__TASK PROMPT__. Beginning with the first line of the entries below, quote each line until you reach and include the line with "bij_betw f (qrep P) (qrep Q) \<and>".

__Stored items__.
═══

(* Let $\mathbb{K}$ be a field, let $P_1, P_2 \in \mathbb{K}[X]$ be irreducible polynomials with $P_1' \neq 0$ and $P_2' \neq 0$, and let $k \geq 1$ be an integer. Then $\mathbb{K}[X]/(P_1^k)$ and $\mathbb{K}[X]/(P_2^k)$ are isomorphic as $\mathbb{K}$-algebras if and only if $\mathbb{K}[X]/(P_1)$ and $\mathbb{K}[X]/(P_2)$ are isomorphic as $\mathbb{K}$-algebras.
   Context: $\mathbb{K}$ is an arbitrary field; $P'$ denotes the formal derivative (for irreducible $P$, $P'\neq0$ means $P$ is separable). *)

theory Defs
  imports "HOL-Computational_Algebra.Polynomial"
begin

text \<open>The quotient algebra K[X]/(P), represented by canonical representatives
  (remainders modulo P), with the induced operations.\<close>

definition qrep :: "'a::field poly \<Rightarrow> 'a poly set" where
  "qrep P = {r. r mod P = r}"

definition kalg_iso :: "'a::field poly \<Rightarrow> 'a poly \<Rightarrow> ('a poly \<Rightarrow> 'a poly) \<Rightarrow> bool" where
  "kalg_iso P Q f \<longleftrightarrow>
     bij_betw f (qrep P) (qrep Q) \<and>
     (\<forall>r\<in>qrep P. \<forall>s\<in>qrep P. f (r + s) = f r + f s) \<and>
     (\<forall>r\<in>qrep P. \<forall>s\<in>qrep P. f ((r * s) mod P) = (f r * f s) mod Q) \<and>
     f (1 mod P) = 1 mod Q \<and>
     (\<forall>c. \<forall>r\<in>qrep P. f (smult c r) = smult c (f r))"

definition quot_alg_isomorphic :: "'a::field poly \<Rightarrow> 'a poly \<Rightarrow> bool" where
  "quot_alg_isomorphic P Q \<longleftrightarrow> (\<exists>f. kalg_iso P Q f)"

end

theory Submission
  imports Defs "HOL-Computational_Algebra.Polynomial_Factorial"
begin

═══

__ANSWER TO THIS TASK__.
(* Let $\mathbb{K}$ be a field, let $P_1, P_2 \in \mathbb{K}[X]$ be irreducible polynomials with $P_1' \neq 0$ and $P_2' \neq 0$, and let $k \geq 1$ be an integer. Then $\mathbb{K}[X]/(P_1^k)$ and $\mathbb{K}[X]/(P_2^k)$ are isomorphic as $\mathbb{K}$-algebras if and only if $\mathbb{K}[X]/(P_1)$ and $\mathbb{K}[X]/(P_2)$ are isomorphic as $\mathbb{K}$-algebras.
   Context: $\mathbb{K}$ is an arbitrary field; $P'$ denotes the formal derivative (for irreducible $P$, $P'\neq0$ means $P$ is separable). *)

theory Defs
  imports "HOL-Computational_Algebra.Polynomial"
begin

text \<open>The quotient algebra K[X]/(P), represented by canonical representatives
  (remainders modulo P), with the induced operations.\<close>

definition qrep :: "'a::field poly \<Rightarrow> 'a poly set" where
  "qrep P = {r. r mod P = r}"

definition kalg_iso :: "'a::field poly \<Rightarrow> 'a poly \<Rightarrow> ('a poly \<Rightarrow> 'a poly) \<Rightarrow> bool" where
  "kalg_iso P Q f \<longleftrightarrow>
     bij_betw f (qrep P) (qrep Q) \<and>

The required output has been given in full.